En su semanario Desde la Fe del 2 de julio, la Arquidiócesis Primada de México aprovecha los datos arrojados por la Encuesta Nacional de Consumo de Drogas, Alcohol y Tabaco del 2016 para dotar de sustento estadístico sus reaccionarias declaraciones en torno a la reciente legalización del uso científico y medicinal de la cannabis. Esta Encuesta refleja un incremento del 25% en el consumo de varones y del 105% en mujeres.

Yara Almonte

Estudiante de la Facultad de Ciencias Políticas y Sociales-UNAM

Miércoles 5 de julio | 18:44

Según la Arquidiócesis, “México aún no está preparado para impedir que la corrupción e impunidad del comercio ilegal en el mercado negro hagan de esta veta un lucrativo negocio”. Pero las drogas en México ya son un lucrativo negocio y junto a otras "mercancías" comercializadas por el crimen organizado como las armas, órganos y personas, constituyen el principal ingreso económico del país.

Para la Iglesia católica, la reciente aprobación del uso medicinal de la cannabis “abre las puertas a las adicciones”. Pero la realidad es que la ilegalidad de las drogas no garantiza en lo más mínimo que el consumo sea más restringido -ya no digamos que disminuya-. Tampoco dificulta encontrar puntos de compra venta de sustancias como bien demuestra las encuestas oficiales que señalan que del 2011 al 2016, el uso de drogas ilegales entre jóvenes se duplicó aún cuando la distribución, traslado, portación y compra-venta de drogas está prohibida en todo el país.

Lo que sí hace la ilegalidad es volver todo el circuito de producción, distribución y consumo de drogas un juego de azar donde la vida está en riesgo permanentemente al exponer a productores y consumidores al fuego cruzado entre cárteles y las fuerzas represivas del Estado, y a la criminalización del consumo.

Como decimos aquí, dos de cada tres consumidores de marihuana han sido extorsionados por la policía, 60% de las sentencias por delitos contra la salud el 80% están relacionadas con la marihuana y 4 de cada diez presos por drogas están encarcelados por portar dosis para el consumo individual menores a $500.

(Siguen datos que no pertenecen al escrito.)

(* Let $(w,d,N,L)$ be a stable Levi–Schubert quadruple with $w\ne(1,\dots,d)$. Then $(w,d,N,L)$ is spherical if and only if its reduction $(\overline w,\overline d,\overline N,\overline L)$ is spherical.
   Context: Work over $\mathbb{C}$. $G_{d,N}$ is the Grassmannian of $d$-planes in $\mathbb{C}^N$ with its Plücker embedding; $B\subset GL_N$ the upper triangular matrices. $I_{d,N}$ is the set of sequences $(i_1<\dots<i_d)$ in $\{1,\dots,N\}$ with the componentwise (Bruhat) order; for $w=(\ell_1,\dots,\ell_d)\in I_{d,N}$, $X(w)$ is the closure of $B\cdot[e_{\ell_1}\wedge\dots\wedge e_{\ell_d}]$ in $G_{d,N}$. A (standard) Levi subgroup $L$ of $GL_N$ is given by integers $0=j_0<j_1<\dots<j_{b_L}=N$: $L$ is the group of invertible block diagonal matrices with diagonal blocks of sizes $N_k=j_k-j_{k-1}$. A Levi–Schubert quadruple $(w,d,N,L)$ consists of integers $1\le d<N$, $w\in I_{d,N}$ and such an $L$; it is stable if $X(w)$ is stable under left multiplication by $L$, and a stable quadruple is spherical if $X(w)$ is a spherical $L$-variety, i.e. has a dense open orbit of a Borel subgroup of $L$. Reduction: for $w\ne(1,\dots,d)$ let $p\ge0$ be maximal with $\ell_i=i$ for $i\le p$; the reduction is $(\overline w,\overline d,\overline N,\overline L)$ with $\overline w=(\ell_{p+1}-p,\dots,\ell_d-p)$, $\overline d=d-p$, $\overline N=\ell_d-p$, and $\overline L\subseteq GL_{\overline N}$ the image of $L$ under the map sending a matrix to its principal submatrix on rows and columns $p+1,\dots,\ell_d$ (for stable quadruples this is a standard Levi subgroup of $GL_{\overline N}$ and the reduction is stable). *)

theory Defs
  imports Complex_Main
begin

text \<open>Vectors of C^N are functions nat => complex supported on {1..N};
  N x M complex matrices are functions nat => nat => complex (row, column), indices 1-based.
  A point of the Grassmannian G_{d,N} is a d-dimensional subspace of C^N, given as the
  column span of a frame (an N x d matrix of rank d).  The Grassmannian carries its
  classical (analytic) topology, i.e. the quotient topology from the open set of frames;
  closure is described by convergent sequences of frames.\<close>

definition ident :: "nat \<Rightarrow> nat \<Rightarrow> nat \<Rightarrow> complex" where
  "ident N = (\<lambda>i j. if i = j \<and> i \<in> {1..N} then 1 else 0)"

definition matmul :: "nat \<Rightarrow> (nat \<Rightarrow> nat \<Rightarrow> complex) \<Rightarrow> (nat \<Rightarrow> nat \<Rightarrow> complex) \<Rightarrow> (nat \<Rightarrow> nat \<Rightarrow> complex)" where
  "matmul N a b = (\<lambda>i j. if i \<in> {1..N} \<and> j \<in> {1..N} then (\<Sum>k=1..N. a i k * b k j) else 0)"

definition sqmat :: "nat \<Rightarrow> (nat \<Rightarrow> nat \<Rightarrow> complex) \<Rightarrow> bool" where
  "sqmat N g \<longleftrightarrow> (\<forall>i j. g i j \<noteq> 0 \<longrightarrow> i \<in> {1..N} \<and> j \<in> {1..N})"

definition GL :: "nat \<Rightarrow> (nat \<Rightarrow> nat \<Rightarrow> complex) set" where
  "GL N = {g. sqmat N g \<and> (\<exists>h. sqmat N h \<and> matmul N g h = ident N \<and> matmul N h g = ident N)}"

definition borel :: "nat \<Rightarrow> (nat \<Rightarrow> nat \<Rightarrow> complex) set" where
  "borel N = {g \<in> GL N. \<forall>i j. j < i \<longrightarrow> g i j = 0}"

definition levi_data :: "nat \<Rightarrow> nat list \<Rightarrow> bool" where
  "levi_data N js \<longleftrightarrow> length js \<ge> 2 \<and> hd js = 0 \<and> sorted_wrt (<) js \<and> last js = N"

definition same_block :: "nat list \<Rightarrow> nat \<Rightarrow> nat \<Rightarrow> bool" where
  "same_block js i j \<longleftrightarrow> (\<exists>k. Suc k < length js \<and> js!k < i \<and> i \<le> js!Suc k \<and> js!k < j \<and> j \<le> js!Suc k)"

definition levi :: "nat \<Rightarrow> nat list \<Rightarrow> (nat \<Rightarrow> nat \<Rightarrow> complex) set" where
  "levi N js = {g \<in> GL N. \<forall>i j. g i j \<noteq> 0 \<longrightarrow> same_block js i j}"

definition Iseq :: "nat \<Rightarrow> nat \<Rightarrow> nat list set" where
  "Iseq d N = {w. length w = d \<and> sorted_wrt (<) w \<and> set w \<subseteq> {1..N}}"

definition frame :: "nat \<Rightarrow> nat \<Rightarrow> (nat \<Rightarrow> nat \<Rightarrow> complex) \<Rightarrow> bool" where
  "frame N d M \<longleftrightarrow> (\<forall>i j. M i j \<noteq> 0 \<longrightarrow> i \<in> {1..N} \<and> j \<in> {1..d}) \<and>
     (\<forall>c::nat \<Rightarrow> complex. (\<forall>i. (\<Sum>j=1..d. c j * M i j) = 0) \<longrightarrow> (\<forall>j\<in>{1..d}. c j = 0))"

definition colspan :: "nat \<Rightarrow> nat \<Rightarrow> (nat \<Rightarrow> nat \<Rightarrow> complex) \<Rightarrow> (nat \<Rightarrow> complex) set" where
  "colspan N d M = {v. \<exists>c::nat \<Rightarrow> complex. v = (\<lambda>i. if i \<in> {1..N} then (\<Sum>j=1..d. c j * M i j) else 0)}"

definition grass :: "nat \<Rightarrow> nat \<Rightarrow> (nat \<Rightarrow> complex) set set" where
  "grass N d = {V. \<exists>M. frame N d M \<and> V = colspan N d M}"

Queda claro que lo que se persigue en este país desde hace una década con la “guerra contra el narco” es el consumo y a los consumidores, no a los grandes capos de la droga que se vuelven millonarios con los altos costos que genera la ilegalidad, ni a los políticos y empresarios corruptos que se asocian con el crimen organizado para blanquear sus millones y hacer jugosos negocios.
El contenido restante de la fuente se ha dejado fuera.